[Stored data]
***

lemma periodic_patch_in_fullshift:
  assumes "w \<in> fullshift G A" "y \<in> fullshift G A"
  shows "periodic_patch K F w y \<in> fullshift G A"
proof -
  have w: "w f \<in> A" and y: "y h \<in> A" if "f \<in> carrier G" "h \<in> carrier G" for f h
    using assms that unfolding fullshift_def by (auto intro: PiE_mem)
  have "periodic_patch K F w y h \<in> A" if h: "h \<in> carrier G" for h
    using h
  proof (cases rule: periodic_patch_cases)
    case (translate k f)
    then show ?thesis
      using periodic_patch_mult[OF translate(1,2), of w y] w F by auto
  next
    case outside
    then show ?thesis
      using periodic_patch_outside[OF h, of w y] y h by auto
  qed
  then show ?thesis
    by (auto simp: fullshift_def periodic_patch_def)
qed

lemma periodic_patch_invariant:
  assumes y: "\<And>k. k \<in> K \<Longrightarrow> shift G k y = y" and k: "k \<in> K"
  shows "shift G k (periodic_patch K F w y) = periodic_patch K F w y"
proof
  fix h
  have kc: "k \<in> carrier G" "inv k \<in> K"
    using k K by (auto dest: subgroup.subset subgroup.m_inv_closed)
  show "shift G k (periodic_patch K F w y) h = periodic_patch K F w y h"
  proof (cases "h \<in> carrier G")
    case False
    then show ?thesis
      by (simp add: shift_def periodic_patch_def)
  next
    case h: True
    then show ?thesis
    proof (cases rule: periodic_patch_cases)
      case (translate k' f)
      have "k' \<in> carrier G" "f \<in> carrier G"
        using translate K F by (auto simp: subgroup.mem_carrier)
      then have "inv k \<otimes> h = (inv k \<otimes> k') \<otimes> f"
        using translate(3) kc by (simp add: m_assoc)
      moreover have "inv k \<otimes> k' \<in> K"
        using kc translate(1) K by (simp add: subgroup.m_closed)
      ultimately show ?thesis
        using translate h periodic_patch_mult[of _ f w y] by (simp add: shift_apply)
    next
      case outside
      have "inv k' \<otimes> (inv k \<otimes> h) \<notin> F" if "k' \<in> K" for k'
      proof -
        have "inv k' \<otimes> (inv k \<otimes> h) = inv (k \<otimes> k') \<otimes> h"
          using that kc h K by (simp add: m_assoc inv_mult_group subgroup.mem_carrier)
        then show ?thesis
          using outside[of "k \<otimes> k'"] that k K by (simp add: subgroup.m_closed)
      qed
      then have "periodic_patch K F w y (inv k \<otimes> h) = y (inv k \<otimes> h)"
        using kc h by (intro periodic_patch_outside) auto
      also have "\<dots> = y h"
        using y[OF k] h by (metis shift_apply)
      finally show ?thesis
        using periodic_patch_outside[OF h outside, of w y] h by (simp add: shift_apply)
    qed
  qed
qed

***

**WORK ORDER**
Above are records; say how many of their lines contain the word "that", giving only the number.

**ANSWER SPACE**
3